Le 27 juin 2005, une nouvelle convention a été signée par les parties, les termes de l'article 6 étant modifiés en ce que le partenariat était étendu à un troisième département et que la SARL Vixter s'engageait à confier une exclusivité sur la formation "piloter, manager, entreprendre" sur les trois départements à la SASU CCI Formation 82 qui s'engage de son côté à réaliser une à deux sessions par an au minimum pour cette formation.

De 2006 à 2010, des avenants ont été signés chaque année, visant le contrat du 27 juin 2005, pour la mise en œuvre d'actions de formation sur le thème susmentionné, au nombre total de 12, la dernière formation ayant été achevée en février 2011.

En février 2011, La SARL Vixter a appris par d'anciens stagiaires que la SASU CCI Formation 82 avait communiqué à la fin du mois précédent sur une nouvelle formation portant sur les outils de pilotage de l'entreprise.

Il en résulte que si le contrat signé en 2004 ne contenait pas de clause de tacite reconduction, les relations entre les parties se sont poursuivies sans discontinuer pendant 7 ans, le partenariat entre les parties ayant été qualifié de permanent et la SARL Vixter ayant consenti une exclusivité à la SASU CCI Formation 82 pour le module de formation répété à 12 reprises, certaines formations se chevauchant. De plus, la décision de ne pas confier à la SARL Vixter une 13e formation a été prise avant la fin d'une formation en cours.

Il en résulte que la SASU CCI Formation 82 a engagé sa responsabilité en rompant brutalement une relation commerciale ainsi établie, sans préavis écrit tenant compte de la durée de ladite relation.

Compte tenu de la durée des relations et de l'exclusivité consentie par la SARL Vixter, il y a lieu de prendre en considération un préavis de six mois pour l'indemnisation du préjudice subi par la SARL Vixter, soit le gain manqué correspondant à la marge brute (différence entre le chiffre d'affaires (HT) et les coûts (HT)) qu'elle pouvait escompter tirer pendant la durée du préavis qui aurait dû être respecté, à l'exclusion du montant du chiffre d'affaires.

La SARL Vixter sollicite la somme de 16 560 euros en prenant comme base de calcul une marge brute ressortant à 90 %. Pour en justifier, elle verse aux débats un tableau sous Excel établi par un professionnel de l'expertise comptable qui indique une marge brute réalisée par promotion excédant 93 %.

Le chiffre d'affaires réalisé de janvier 2004 à février 2011 s'élève à 257 600 euros, soit 3 030 euros mensuels, après division par 85 mois, et 2 727 euros au titre de la marge brute. En multipliant cette dernière somme par six correspondant à la durée du préavis fixée par la cour d'appel, la SASU CCI Formation 82 doit être condamnée à payer à la SARL Vixter la somme de 16 362 euros qui portera intérêt au taux légal à compter du 19 juillet 2011, date de l'acte introductif d'instance.
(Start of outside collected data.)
text \<open>Public log-likelihood ratio ell_t along a realisation of signals \<omega> (signal of
  agent t is \<omega> t, t \<ge> 1; \<omega> 0 is unused). ell_1 = 0.\<close>
primrec ell :: "real \<Rightarrow> (nat \<Rightarrow> real) \<Rightarrow> nat \<Rightarrow> real" where
  "ell \<sigma> \<omega> 0 = 0"
| "ell \<sigma> \<omega> (Suc t) =
     (if t = 0 then 0
      else (let l = ell \<sigma> \<omega> t in
            if l + Lpriv \<sigma> (\<omega> t) > 0 then l + Dp \<sigma> l else l + Dm \<sigma> l))"

definition action :: "real \<Rightarrow> (nat \<Rightarrow> real) \<Rightarrow> nat \<Rightarrow> real" where
  "action \<sigma> \<omega> t = (if ell \<sigma> \<omega> t + Lpriv \<sigma> (\<omega> t) > 0 then 1 else -1)"

text \<open>Time of first mistake (0 if no mistake is ever made), for state \<theta>.\<close>
definition T1 :: "real \<Rightarrow> real \<Rightarrow> (nat \<Rightarrow> real) \<Rightarrow> nat" where
  "T1 \<sigma> \<theta> \<omega> =
     (if \<exists>t\<ge>1. action \<sigma> \<omega> t \<noteq> \<theta> then (LEAST t. t \<ge> 1 \<and> action \<sigma> \<omega> t \<noteq> \<theta>) else 0)"

definition signals :: "real \<Rightarrow> real \<Rightarrow> (nat \<Rightarrow> real) measure" where
  "signals \<sigma> \<theta> = PiM UNIV (\<lambda>_. sig_dist \<sigma> \<theta>)"

definition probT1 :: "real \<Rightarrow> nat \<Rightarrow> real" where
  "probT1 \<sigma> t =
     1/2 * measure (signals \<sigma> 1) {\<omega> \<in> space (signals \<sigma> 1). T1 \<sigma> 1 \<omega> = t}
   + 1/2 * measure (signals \<sigma> (-1)) {\<omega> \<in> space (signals \<sigma> (-1)). T1 \<sigma> (-1) \<omega> = t}"

end

theory Submission
  imports Defs
begin

text \<open>Under \<open>\<theta> = +1\<close>, the event \<open>T\<^sub>1 = t\<close> says that agents \<open>1, \<dots>, t - 1\<close> choose \<open>+1\<close> and
  agent \<open>t\<close> chooses \<open>-1\<close>. On it the public log-likelihood ratio follows a deterministic path
  \<open>\<ell>\<^sub>n\<close>, so by independence \<open>P\<^sub>+(T\<^sub>1 = t) = (\<Prod>n<t. 1 - G\<^sub>+(-\<ell>\<^sub>n)) * G\<^sub>+(-\<ell>\<^sub>t)\<close>.
  Since \<open>G\<^sub>+(x) \<le> exp x * G\<^sub>-(x)\<close>, each mistake probability \<open>G\<^sub>+(-\<ell>\<^sub>n)\<close> is dominated by the
  decrease of \<open>exp (-\<ell>)\<close> in the next step; these probabilities are therefore summable and
  the product stays bounded away from \<open>0\<close>. On the other hand each step raises the belief by
  at most a constant times \<open>G\<^sub>-(-\<ell>)\<close>, so the path grows so slowly that
  \<open>G\<^sub>-(M - \<ell>\<^sub>t) \<ge> 1 / (K t)\<close>. For Gaussian signals a bounded shift costs only a power
  \<open>1 + \<epsilon>\<close> of the tail, \<open>G\<^sub>+(-(y + M)) \<ge> c * G\<^sub>-(-y) powr (1 + \<epsilon>)\<close>, hence
  \<open>G\<^sub>+(-\<ell>\<^sub>t) \<ge> c / t powr (1 + \<epsilon>)\<close>.\<close>

lemma sq_add_le:
  fixes v a e :: real assumes "e > 0"
  shows "(v + a)\<^sup>2 \<le> (1 + e) * v\<^sup>2 + (1 + 1 / e) * a\<^sup>2"
proof -
  have "0 \<le> (e * v - a)\<^sup>2 / e" using assms by simp
  also have "(e * v - a)\<^sup>2 / e = e * v\<^sup>2 - 2 * v * a + a\<^sup>2 / e"
    using assms by (simp add: field_simps power2_eq_square)
  finally show ?thesis by (simp add: power2_eq_square algebra_simps)
qed

lemma exp_neg_div_le_one_minus:
  fixes q q0 :: real
  assumes "0 \<le> q" "q \<le> q0" "q0 < 1"
  shows "exp (- q / (1 - q0)) \<le> 1 - q"
proof -
  have "- ln (1 - q) = ln (1 / (1 - q))" using assms by (simp add: ln_div)
  also have "\<dots> \<le> 1 / (1 - q) - 1" using assms by (intro ln_le_minus_one) auto
  also have "\<dots> = q / (1 - q)" using assms by (simp add: field_simps)
  also have "\<dots> \<le> q / (1 - q0)" using assms by (intro divide_left_mono) auto
  finally have "- q / (1 - q0) \<le> ln (1 - q)" by simp
  then show ?thesis using assms by (metis exp_le_cancel_iff exp_ln diff_gt_0_iff_gt le_less_trans)
qed

lemma sets_sig_dist [simp]: "sets (sig_dist \<sigma> m) = sets borel"
  by (simp add: sig_dist_def)

lemma space_sig_dist [simp]: "space (sig_dist \<sigma> m) = UNIV"
  by (simp add: sig_dist_def)

lemma prob_space_sig_dist: "\<sigma> > 0 \<Longrightarrow> prob_space (sig_dist \<sigma> m)"
  unfolding sig_dist_def by (rule prob_space_normal_density)

lemma Lpriv_measurable [measurable]: "Lpriv \<sigma> \<in> borel_measurable borel"
  unfolding Lpriv_def[abs_def] by measurable

lemma Lpriv_eq: assumes "\<sigma> > 0" shows "Lpriv \<sigma> s = 2 * s / \<sigma>\<^sup>2"
proof -
  have "normal_density 1 \<sigma> s / normal_density (-1) \<sigma> s
      = exp (-(s - 1)\<^sup>2 / (2 * \<sigma>\<^sup>2) - (-(s + 1)\<^sup>2 / (2 * \<sigma>\<^sup>2)))"
    using assms by (simp add: normal_density_def flip: exp_diff)
  also have "-(s - 1)\<^sup>2 / (2 * \<sigma>\<^sup>2) - (-(s + 1)\<^sup>2 / (2 * \<sigma>\<^sup>2)) = 2 * s / \<sigma>\<^sup>2"
    using assms by (simp add: field_simps power2_eq_square)
  finally show ?thesis by (simp add: Lpriv_def)
qed

lemma normal_density_eq_exp_Lpriv:
  assumes "\<sigma> > 0" shows "normal_density 1 \<sigma> s = exp (Lpriv \<sigma> s) * normal_density (-1) \<sigma> s"
proof -
  have "normal_density 1 \<sigma> s > 0" "normal_density (-1) \<sigma> s > 0"
    using assms by (simp_all add: normal_density_pos)
  then show ?thesis by (simp add: Lpriv_def)
qed

lemma Gp_eq_measure: "Gp \<sigma> x = measure (sig_dist \<sigma> 1) {s. Lpriv \<sigma> s \<le> x}"
  by (simp add: Gp_def)

lemma Gm_eq_measure: "Gm \<sigma> x = measure (sig_dist \<sigma> (-1)) {s. Lpriv \<sigma> s \<le> x}"
  by (simp add: Gm_def)

text \<open>\<open>ell_up \<sigma> n\<close> is the public belief \<open>ell\<close> of agent \<open>n\<close> when agents \<open>1, \<dots>, n - 1\<close> all chose
  \<open>+1\<close>; as for \<open>ell\<close>, agents are numbered from \<open>1\<close> and index \<open>0\<close> is a dummy.\<close>

primrec ell_up :: "real \<Rightarrow> nat \<Rightarrow> real" where
  "ell_up \<sigma> 0 = 0"
| "ell_up \<sigma> (Suc t) = (if t = 0 then 0 else ell_up \<sigma> t + Dp \<sigma> (ell_up \<sigma> t))"

definition sig_cdf :: "real \<Rightarrow> real \<Rightarrow> real \<Rightarrow> real" where
  "sig_cdf \<sigma> m y = measure (sig_dist \<sigma> m) {..y}"

context
  fixes \<sigma> :: real
  assumes \<sigma>_pos: "\<sigma> > 0"
begin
Il convient en conséquence d'infirmer le jugement entrepris.

Enfin, la SASU CCI Formation 82 qui succombe sera condamnée aux dépens de première instance et d'appel.

Par ces motifs : Infirme le jugement du Tribunal de commerce d'Albi, Et statuant à nouveau, Condamne la SASU CCI Formation 82 à payer à la SARL Vixter la somme de seize mille trois cent soixante-deux euros (16 362) qui portera intérêt au taux légal à compter du 19 juillet 2011, Condamne la SASU CCI Formation 82 aux dépens de première instance et d'appel dont distraction par application de l'article 699 du Code de procédure civile, Vu l'article 700 du Code de procédure civile, Déboute la SASU CCI Formation 82 de sa demande sur ce fondement, Condamne la SASU CCI Formation 82 au paiement à la SARL Vixter de la somme de 3 000 euros de ce chef.